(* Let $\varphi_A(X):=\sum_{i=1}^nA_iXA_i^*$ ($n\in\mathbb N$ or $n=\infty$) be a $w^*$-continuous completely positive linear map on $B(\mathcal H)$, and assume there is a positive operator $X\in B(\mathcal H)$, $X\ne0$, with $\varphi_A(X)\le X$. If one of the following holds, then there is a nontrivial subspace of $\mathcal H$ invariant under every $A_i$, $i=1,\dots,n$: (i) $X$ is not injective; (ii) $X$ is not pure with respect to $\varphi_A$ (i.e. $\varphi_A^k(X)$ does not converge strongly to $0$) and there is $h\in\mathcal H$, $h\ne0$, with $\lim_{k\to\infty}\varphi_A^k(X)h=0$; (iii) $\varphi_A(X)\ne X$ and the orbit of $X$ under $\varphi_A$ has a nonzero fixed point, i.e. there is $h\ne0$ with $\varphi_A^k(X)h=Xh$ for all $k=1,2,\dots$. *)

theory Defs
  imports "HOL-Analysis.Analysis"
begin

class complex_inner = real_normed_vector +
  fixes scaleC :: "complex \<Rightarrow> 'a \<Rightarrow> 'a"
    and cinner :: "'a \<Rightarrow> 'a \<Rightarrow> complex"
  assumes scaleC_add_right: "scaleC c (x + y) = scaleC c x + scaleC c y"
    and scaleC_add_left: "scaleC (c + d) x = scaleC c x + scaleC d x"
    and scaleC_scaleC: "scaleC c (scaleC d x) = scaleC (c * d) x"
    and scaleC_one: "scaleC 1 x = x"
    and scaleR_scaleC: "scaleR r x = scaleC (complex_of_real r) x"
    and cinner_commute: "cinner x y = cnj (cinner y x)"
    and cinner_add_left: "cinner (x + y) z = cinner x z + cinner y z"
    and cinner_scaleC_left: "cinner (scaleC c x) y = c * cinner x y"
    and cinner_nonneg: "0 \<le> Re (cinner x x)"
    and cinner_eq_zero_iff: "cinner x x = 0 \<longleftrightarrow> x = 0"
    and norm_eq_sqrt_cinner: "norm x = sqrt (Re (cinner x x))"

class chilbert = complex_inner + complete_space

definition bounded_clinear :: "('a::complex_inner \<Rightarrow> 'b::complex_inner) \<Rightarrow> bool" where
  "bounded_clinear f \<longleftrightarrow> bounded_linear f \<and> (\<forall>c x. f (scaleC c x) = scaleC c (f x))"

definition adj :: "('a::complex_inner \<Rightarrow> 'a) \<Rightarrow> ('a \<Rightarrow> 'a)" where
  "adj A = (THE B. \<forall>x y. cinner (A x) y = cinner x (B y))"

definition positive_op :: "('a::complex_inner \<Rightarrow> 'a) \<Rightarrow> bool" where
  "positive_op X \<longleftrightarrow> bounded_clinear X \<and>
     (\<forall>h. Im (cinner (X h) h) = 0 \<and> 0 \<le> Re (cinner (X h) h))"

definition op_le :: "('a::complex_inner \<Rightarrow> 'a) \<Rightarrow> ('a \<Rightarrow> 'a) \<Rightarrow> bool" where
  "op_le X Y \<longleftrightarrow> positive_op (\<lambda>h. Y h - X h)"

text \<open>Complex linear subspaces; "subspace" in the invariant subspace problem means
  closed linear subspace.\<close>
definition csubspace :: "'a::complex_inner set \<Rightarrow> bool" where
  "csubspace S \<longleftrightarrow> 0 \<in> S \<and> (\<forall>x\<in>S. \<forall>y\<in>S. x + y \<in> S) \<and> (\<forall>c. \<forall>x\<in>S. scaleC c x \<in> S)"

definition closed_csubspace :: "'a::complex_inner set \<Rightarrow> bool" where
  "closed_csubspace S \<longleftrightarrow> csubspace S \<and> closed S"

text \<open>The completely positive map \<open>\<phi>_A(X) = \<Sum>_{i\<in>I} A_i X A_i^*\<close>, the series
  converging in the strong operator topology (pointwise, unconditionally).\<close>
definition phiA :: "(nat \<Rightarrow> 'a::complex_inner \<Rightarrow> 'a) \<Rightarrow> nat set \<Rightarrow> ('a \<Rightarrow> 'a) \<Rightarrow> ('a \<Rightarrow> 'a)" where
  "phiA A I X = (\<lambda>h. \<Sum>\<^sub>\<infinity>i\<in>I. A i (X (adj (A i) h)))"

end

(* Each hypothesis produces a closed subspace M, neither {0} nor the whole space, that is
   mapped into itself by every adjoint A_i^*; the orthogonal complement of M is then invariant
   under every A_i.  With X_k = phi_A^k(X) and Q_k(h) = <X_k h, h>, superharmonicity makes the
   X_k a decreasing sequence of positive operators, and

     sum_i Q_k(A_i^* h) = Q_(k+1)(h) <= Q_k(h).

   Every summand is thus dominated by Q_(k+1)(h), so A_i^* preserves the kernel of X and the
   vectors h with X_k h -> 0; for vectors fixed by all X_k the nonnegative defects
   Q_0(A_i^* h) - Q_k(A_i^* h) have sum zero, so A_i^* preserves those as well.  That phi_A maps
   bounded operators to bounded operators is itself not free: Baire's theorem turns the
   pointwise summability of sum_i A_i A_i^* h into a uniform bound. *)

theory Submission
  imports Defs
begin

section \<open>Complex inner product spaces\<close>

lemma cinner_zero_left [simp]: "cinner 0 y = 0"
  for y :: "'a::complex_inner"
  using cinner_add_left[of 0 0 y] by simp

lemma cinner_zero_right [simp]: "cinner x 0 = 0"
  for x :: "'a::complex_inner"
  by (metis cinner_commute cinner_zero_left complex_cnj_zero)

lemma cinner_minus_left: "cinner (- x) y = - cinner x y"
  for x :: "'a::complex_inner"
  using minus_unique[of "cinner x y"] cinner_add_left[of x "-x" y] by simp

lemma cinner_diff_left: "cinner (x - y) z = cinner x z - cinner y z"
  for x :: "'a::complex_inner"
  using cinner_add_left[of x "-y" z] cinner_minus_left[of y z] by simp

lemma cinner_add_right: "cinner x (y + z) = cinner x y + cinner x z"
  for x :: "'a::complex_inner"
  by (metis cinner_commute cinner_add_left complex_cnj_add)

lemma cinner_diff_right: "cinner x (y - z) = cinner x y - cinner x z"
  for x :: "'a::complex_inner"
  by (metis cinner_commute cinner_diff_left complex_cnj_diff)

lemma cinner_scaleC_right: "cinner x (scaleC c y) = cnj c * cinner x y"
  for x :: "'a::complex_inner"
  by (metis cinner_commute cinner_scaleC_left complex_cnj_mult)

- _AIM OF THE EXERCISE_
Find and copy each line in the material above where the string "metis" occurs.

- _OUTPUT BELOW_
  by (metis cinner_commute cinner_zero_left complex_cnj_zero)
  by (metis cinner_commute cinner_add_left complex_cnj_add)
  by (metis cinner_commute cinner_diff_left complex_cnj_diff)
  by (metis cinner_commute cinner_scaleC_left complex_cnj_mult)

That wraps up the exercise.